Task to carry out
Go through the following data and transcribe exactly the stretch of lines from the one holding "UNIV). \<exists>t\<in>carrier (BijGroup UNIV)." to the one holding "(\<lambda>(x, n). if", both included.

Given records

[Start of section]

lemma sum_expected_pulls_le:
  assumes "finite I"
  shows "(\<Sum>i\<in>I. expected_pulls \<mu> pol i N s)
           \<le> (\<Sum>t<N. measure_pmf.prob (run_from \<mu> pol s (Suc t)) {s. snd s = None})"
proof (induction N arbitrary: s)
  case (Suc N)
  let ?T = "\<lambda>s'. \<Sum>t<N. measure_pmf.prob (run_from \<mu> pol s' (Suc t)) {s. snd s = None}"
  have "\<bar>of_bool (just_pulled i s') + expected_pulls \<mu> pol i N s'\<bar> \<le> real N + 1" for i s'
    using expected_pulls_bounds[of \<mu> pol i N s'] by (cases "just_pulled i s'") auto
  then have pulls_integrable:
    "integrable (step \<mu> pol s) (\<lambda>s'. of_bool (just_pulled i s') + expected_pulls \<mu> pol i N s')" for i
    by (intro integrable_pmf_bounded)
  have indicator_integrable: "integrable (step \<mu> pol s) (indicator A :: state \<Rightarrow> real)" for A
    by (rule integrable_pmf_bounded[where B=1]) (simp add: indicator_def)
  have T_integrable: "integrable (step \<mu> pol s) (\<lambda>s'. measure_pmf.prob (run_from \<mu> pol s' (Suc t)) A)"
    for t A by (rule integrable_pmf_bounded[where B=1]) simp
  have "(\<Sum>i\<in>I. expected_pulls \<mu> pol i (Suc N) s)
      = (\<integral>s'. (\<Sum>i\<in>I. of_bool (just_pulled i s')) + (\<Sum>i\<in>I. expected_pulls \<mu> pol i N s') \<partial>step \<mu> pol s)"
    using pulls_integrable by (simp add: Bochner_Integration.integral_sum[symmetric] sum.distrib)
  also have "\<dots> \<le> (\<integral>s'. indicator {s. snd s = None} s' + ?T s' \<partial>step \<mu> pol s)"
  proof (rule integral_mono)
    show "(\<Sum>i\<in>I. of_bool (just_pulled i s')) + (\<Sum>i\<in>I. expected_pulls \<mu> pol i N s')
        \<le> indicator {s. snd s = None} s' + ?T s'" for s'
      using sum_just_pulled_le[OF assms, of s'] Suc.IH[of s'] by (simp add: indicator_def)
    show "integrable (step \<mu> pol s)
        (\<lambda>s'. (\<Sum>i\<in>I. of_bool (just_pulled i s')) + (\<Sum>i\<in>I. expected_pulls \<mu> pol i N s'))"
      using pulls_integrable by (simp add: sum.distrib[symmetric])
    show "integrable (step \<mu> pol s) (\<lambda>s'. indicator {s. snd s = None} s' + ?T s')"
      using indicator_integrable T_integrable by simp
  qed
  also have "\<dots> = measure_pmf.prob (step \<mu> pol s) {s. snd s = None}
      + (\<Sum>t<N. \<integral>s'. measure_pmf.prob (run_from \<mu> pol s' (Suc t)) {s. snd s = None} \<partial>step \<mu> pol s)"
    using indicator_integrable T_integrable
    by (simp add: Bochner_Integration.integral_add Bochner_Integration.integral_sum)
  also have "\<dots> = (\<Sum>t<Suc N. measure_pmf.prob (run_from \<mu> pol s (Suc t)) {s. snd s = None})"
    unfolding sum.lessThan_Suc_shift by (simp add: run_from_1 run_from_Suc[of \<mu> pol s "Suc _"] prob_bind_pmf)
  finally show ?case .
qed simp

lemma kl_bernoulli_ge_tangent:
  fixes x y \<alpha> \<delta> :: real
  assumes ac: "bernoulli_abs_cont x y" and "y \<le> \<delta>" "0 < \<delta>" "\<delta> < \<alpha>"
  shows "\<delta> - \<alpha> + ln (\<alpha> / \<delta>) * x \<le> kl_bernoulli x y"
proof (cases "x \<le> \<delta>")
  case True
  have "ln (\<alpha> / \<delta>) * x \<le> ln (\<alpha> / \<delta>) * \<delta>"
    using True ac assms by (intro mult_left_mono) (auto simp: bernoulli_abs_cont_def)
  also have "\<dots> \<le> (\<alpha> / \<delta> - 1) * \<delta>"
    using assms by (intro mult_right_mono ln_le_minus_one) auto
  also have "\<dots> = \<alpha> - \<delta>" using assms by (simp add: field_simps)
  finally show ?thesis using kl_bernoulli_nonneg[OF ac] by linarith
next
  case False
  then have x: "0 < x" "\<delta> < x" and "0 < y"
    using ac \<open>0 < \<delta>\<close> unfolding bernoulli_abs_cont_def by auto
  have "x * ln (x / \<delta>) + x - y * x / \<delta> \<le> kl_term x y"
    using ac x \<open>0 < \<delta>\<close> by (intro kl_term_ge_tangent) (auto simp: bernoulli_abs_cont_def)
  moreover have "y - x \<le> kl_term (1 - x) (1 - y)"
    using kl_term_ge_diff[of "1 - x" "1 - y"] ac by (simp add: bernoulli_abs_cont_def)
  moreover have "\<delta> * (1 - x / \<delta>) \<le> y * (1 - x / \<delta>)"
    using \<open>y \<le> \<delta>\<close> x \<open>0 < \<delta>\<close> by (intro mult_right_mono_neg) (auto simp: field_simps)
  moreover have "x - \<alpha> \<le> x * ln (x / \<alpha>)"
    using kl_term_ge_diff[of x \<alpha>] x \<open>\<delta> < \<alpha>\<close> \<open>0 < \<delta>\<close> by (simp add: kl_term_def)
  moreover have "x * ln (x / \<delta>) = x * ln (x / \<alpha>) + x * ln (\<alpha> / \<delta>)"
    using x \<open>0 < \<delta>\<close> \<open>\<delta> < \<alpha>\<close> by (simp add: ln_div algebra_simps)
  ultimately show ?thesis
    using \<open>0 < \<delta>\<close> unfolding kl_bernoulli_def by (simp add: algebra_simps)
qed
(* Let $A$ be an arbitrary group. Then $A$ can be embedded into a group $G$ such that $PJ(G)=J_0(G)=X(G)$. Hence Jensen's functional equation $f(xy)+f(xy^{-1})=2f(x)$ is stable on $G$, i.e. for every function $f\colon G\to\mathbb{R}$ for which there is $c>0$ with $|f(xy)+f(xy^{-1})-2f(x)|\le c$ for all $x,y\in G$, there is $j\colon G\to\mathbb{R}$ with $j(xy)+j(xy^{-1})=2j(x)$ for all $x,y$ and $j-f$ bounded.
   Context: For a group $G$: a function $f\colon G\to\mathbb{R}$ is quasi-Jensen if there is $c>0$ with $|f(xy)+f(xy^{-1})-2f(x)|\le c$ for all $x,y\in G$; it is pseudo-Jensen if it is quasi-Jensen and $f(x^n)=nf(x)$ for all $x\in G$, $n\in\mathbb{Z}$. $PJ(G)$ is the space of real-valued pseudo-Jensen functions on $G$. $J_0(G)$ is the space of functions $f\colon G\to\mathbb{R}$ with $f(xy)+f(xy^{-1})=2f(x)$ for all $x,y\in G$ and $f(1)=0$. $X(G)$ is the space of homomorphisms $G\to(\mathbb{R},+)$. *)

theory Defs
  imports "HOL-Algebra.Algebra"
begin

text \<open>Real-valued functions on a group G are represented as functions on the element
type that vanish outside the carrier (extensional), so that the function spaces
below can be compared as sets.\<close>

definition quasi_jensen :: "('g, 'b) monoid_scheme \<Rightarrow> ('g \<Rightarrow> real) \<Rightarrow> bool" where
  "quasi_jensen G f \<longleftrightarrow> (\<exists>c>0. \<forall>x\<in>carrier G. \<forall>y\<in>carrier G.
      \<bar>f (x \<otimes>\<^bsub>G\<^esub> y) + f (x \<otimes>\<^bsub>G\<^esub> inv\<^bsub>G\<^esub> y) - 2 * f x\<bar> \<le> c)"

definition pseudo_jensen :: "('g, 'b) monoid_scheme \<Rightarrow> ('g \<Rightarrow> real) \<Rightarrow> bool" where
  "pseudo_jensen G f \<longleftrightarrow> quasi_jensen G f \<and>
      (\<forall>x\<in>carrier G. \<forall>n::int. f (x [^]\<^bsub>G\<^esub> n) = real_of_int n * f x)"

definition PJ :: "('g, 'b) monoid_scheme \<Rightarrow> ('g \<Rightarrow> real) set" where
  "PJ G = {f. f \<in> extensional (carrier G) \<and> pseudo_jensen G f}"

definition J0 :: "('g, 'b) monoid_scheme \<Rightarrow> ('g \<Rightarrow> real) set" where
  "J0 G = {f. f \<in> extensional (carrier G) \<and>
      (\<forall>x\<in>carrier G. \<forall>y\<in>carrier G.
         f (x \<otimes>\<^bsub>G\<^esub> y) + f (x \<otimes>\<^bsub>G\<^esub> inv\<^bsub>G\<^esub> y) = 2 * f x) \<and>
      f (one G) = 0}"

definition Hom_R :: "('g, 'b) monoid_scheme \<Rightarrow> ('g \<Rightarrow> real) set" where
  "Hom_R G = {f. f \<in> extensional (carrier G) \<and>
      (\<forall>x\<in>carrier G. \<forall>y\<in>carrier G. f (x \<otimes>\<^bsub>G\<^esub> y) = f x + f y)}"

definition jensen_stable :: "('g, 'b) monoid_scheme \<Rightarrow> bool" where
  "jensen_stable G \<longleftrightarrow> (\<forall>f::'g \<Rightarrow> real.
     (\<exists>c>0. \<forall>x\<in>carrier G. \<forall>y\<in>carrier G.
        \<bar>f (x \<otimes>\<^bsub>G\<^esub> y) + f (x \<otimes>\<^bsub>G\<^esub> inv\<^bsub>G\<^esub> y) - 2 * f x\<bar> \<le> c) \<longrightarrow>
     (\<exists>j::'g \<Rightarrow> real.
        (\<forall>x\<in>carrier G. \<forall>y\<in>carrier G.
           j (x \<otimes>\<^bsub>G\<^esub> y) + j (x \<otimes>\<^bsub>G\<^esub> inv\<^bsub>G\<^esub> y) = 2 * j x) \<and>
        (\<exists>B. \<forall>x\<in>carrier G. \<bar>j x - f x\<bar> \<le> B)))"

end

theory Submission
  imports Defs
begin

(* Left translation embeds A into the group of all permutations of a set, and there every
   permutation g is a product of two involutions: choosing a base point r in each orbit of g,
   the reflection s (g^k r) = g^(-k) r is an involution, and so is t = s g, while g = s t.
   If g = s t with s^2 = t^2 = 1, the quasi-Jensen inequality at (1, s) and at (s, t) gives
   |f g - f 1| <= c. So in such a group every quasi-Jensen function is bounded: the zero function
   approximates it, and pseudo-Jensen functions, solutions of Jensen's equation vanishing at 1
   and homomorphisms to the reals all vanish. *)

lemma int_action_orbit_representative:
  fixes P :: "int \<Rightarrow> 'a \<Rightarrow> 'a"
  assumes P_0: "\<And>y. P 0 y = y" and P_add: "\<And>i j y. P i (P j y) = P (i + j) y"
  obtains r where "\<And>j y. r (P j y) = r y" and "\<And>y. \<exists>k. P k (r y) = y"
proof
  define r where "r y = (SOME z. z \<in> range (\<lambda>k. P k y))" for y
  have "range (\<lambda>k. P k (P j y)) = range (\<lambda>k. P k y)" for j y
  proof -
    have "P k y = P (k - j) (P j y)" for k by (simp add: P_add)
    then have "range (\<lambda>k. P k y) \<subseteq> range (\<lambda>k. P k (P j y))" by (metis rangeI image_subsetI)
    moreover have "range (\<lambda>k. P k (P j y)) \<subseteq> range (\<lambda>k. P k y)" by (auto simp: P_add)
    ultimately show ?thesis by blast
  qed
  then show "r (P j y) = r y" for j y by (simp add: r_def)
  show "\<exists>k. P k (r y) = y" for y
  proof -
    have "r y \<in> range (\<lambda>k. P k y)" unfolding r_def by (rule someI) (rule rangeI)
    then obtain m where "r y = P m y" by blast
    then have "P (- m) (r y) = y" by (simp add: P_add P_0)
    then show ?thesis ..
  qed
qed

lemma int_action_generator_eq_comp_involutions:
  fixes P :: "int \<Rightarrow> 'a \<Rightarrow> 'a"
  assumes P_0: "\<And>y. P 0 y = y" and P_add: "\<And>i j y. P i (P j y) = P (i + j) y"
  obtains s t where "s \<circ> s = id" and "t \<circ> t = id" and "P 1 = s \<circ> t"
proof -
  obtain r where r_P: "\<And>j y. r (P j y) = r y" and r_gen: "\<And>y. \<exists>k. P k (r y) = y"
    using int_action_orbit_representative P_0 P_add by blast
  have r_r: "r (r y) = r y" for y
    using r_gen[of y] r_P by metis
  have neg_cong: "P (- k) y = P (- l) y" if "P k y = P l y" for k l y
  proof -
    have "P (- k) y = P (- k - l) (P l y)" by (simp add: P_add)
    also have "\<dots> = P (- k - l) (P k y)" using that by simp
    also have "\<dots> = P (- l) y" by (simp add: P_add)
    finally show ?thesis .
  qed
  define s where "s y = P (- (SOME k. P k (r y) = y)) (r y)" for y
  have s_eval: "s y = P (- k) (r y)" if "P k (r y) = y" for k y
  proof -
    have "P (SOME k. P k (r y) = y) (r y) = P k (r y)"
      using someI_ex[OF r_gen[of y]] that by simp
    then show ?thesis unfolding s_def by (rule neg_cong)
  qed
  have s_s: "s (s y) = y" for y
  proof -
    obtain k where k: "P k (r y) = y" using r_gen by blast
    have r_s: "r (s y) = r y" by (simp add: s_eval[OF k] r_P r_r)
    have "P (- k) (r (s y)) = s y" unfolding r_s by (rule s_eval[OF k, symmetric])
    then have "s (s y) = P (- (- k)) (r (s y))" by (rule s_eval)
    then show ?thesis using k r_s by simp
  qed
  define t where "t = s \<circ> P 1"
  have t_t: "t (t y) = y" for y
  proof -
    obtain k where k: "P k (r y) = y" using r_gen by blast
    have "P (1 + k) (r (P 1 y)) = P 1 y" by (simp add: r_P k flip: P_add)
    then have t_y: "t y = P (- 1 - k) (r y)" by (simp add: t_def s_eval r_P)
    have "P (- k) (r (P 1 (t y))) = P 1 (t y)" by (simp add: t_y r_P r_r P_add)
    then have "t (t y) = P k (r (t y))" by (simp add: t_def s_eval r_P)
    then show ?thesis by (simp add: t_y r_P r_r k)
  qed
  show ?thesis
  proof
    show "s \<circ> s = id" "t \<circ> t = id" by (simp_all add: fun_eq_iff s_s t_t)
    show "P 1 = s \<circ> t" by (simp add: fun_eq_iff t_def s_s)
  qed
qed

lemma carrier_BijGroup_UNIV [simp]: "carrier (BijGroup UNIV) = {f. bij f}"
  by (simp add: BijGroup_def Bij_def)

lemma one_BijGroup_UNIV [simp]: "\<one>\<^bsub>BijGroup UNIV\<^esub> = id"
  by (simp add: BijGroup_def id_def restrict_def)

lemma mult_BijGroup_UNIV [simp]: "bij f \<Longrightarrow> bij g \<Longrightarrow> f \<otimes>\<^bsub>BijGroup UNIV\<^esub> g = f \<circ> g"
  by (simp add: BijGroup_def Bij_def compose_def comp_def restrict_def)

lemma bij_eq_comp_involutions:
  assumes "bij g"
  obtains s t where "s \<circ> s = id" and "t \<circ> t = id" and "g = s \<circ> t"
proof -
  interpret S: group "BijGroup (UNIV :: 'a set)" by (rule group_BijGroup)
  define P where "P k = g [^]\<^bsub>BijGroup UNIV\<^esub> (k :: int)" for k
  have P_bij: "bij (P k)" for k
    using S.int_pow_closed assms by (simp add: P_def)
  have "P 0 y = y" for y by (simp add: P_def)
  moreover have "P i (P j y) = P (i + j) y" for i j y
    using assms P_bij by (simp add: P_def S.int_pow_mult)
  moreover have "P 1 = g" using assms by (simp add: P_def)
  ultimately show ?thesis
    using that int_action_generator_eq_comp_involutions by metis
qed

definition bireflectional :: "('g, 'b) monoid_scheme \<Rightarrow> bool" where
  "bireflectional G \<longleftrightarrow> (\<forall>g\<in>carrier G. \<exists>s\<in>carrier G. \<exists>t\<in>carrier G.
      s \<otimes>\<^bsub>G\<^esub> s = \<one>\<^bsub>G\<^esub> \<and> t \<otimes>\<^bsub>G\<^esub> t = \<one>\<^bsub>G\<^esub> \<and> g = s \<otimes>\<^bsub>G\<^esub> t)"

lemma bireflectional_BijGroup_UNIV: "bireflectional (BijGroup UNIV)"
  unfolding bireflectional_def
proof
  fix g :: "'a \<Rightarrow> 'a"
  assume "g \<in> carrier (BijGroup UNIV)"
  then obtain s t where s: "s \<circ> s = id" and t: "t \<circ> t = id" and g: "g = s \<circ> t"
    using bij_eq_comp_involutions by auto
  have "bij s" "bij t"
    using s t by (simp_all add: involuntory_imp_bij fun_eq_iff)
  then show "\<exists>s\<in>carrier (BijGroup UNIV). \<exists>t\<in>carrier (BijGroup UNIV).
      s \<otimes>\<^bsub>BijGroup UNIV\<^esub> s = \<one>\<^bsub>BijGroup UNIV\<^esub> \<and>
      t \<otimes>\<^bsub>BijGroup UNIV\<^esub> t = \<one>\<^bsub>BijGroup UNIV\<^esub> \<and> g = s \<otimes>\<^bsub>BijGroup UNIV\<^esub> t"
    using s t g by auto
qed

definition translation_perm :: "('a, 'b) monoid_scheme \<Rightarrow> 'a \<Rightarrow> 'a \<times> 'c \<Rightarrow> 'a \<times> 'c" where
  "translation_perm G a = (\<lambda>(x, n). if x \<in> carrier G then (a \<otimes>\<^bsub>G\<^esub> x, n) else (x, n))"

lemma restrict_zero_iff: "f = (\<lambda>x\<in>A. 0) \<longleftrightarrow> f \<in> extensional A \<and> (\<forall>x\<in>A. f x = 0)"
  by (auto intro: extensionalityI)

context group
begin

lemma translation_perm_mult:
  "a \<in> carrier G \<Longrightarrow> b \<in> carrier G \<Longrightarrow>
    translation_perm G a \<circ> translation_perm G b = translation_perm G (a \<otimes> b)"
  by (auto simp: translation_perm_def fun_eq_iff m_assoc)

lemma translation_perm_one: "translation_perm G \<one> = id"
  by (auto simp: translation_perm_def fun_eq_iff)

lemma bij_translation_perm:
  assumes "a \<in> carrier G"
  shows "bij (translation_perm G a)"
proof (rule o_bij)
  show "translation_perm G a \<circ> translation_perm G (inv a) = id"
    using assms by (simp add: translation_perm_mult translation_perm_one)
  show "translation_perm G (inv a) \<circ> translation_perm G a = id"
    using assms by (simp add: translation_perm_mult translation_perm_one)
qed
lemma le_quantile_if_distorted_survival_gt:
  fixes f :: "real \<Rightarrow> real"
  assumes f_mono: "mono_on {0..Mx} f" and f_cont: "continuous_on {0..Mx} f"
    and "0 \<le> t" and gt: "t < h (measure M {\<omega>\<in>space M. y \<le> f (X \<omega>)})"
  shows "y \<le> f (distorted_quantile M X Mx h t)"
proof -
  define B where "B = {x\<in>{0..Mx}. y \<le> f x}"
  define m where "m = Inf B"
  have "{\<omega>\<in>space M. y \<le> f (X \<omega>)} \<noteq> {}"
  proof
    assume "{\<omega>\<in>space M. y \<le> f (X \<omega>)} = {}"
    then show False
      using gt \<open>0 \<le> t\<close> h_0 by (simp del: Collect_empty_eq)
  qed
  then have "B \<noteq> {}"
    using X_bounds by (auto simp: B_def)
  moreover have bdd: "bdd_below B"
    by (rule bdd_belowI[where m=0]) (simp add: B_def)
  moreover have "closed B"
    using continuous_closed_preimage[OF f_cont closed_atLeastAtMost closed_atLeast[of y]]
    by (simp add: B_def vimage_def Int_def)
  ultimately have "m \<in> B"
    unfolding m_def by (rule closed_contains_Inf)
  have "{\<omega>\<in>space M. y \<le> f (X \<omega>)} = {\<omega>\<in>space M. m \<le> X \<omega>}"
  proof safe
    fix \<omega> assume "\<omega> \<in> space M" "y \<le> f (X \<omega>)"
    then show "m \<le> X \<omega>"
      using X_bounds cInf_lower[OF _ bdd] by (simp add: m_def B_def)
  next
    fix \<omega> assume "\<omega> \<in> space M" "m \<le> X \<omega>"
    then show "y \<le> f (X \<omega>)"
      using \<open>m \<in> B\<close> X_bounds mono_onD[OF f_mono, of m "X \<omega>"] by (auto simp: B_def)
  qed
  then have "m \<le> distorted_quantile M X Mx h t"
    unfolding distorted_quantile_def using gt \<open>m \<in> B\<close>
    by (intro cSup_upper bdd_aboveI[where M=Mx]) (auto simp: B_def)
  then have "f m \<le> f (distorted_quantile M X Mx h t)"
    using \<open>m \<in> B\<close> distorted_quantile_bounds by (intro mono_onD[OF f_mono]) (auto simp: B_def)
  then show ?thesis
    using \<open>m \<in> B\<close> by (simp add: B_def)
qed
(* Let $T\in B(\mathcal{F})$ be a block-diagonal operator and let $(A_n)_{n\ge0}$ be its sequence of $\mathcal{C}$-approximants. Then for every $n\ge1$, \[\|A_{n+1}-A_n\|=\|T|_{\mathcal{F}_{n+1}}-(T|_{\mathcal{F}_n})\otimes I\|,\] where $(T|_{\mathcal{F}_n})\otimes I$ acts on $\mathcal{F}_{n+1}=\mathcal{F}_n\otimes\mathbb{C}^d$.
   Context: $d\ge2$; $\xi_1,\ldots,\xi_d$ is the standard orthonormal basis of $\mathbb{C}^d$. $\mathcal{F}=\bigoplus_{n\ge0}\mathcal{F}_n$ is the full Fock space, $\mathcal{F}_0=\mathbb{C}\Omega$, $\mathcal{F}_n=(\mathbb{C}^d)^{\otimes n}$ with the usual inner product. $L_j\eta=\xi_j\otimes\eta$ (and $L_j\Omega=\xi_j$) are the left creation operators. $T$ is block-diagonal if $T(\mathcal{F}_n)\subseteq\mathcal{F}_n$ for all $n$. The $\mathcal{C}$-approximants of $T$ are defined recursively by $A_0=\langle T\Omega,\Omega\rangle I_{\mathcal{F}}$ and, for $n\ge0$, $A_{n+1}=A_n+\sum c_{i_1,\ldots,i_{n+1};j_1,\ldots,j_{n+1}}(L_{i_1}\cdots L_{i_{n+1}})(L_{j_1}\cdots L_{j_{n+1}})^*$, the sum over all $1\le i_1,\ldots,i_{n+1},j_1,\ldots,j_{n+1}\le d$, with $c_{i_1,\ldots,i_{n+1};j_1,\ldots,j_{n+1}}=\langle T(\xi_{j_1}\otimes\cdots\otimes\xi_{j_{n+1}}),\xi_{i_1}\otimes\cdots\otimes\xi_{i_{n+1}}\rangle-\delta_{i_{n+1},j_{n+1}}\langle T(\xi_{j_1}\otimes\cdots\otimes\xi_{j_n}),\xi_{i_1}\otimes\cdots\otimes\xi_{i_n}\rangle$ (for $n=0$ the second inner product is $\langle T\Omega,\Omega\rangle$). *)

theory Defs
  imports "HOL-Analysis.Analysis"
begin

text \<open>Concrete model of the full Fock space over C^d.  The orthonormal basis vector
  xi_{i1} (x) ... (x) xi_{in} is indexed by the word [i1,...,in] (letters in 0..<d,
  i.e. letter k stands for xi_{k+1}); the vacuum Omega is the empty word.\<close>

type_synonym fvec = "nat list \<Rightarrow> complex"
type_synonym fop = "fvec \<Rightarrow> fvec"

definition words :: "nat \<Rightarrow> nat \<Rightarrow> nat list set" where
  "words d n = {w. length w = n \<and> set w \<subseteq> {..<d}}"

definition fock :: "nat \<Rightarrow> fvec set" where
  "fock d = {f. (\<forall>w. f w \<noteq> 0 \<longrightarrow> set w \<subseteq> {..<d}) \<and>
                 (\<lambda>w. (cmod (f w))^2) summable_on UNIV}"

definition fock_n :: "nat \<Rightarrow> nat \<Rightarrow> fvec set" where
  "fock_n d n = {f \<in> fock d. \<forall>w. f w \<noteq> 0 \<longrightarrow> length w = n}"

[End of section]

Solved exercise
  then show "\<exists>s\<in>carrier (BijGroup UNIV). \<exists>t\<in>carrier (BijGroup UNIV).
      s \<otimes>\<^bsub>BijGroup UNIV\<^esub> s = \<one>\<^bsub>BijGroup UNIV\<^esub> \<and>
      t \<otimes>\<^bsub>BijGroup UNIV\<^esub> t = \<one>\<^bsub>BijGroup UNIV\<^esub> \<and> g = s \<otimes>\<^bsub>BijGroup UNIV\<^esub> t"
    using s t g by auto
qed

definition translation_perm :: "('a, 'b) monoid_scheme \<Rightarrow> 'a \<Rightarrow> 'a \<times> 'c \<Rightarrow> 'a \<times> 'c" where
  "translation_perm G a = (\<lambda>(x, n). if x \<in> carrier G then (a \<otimes>\<^bsub>G\<^esub> x, n) else (x, n))"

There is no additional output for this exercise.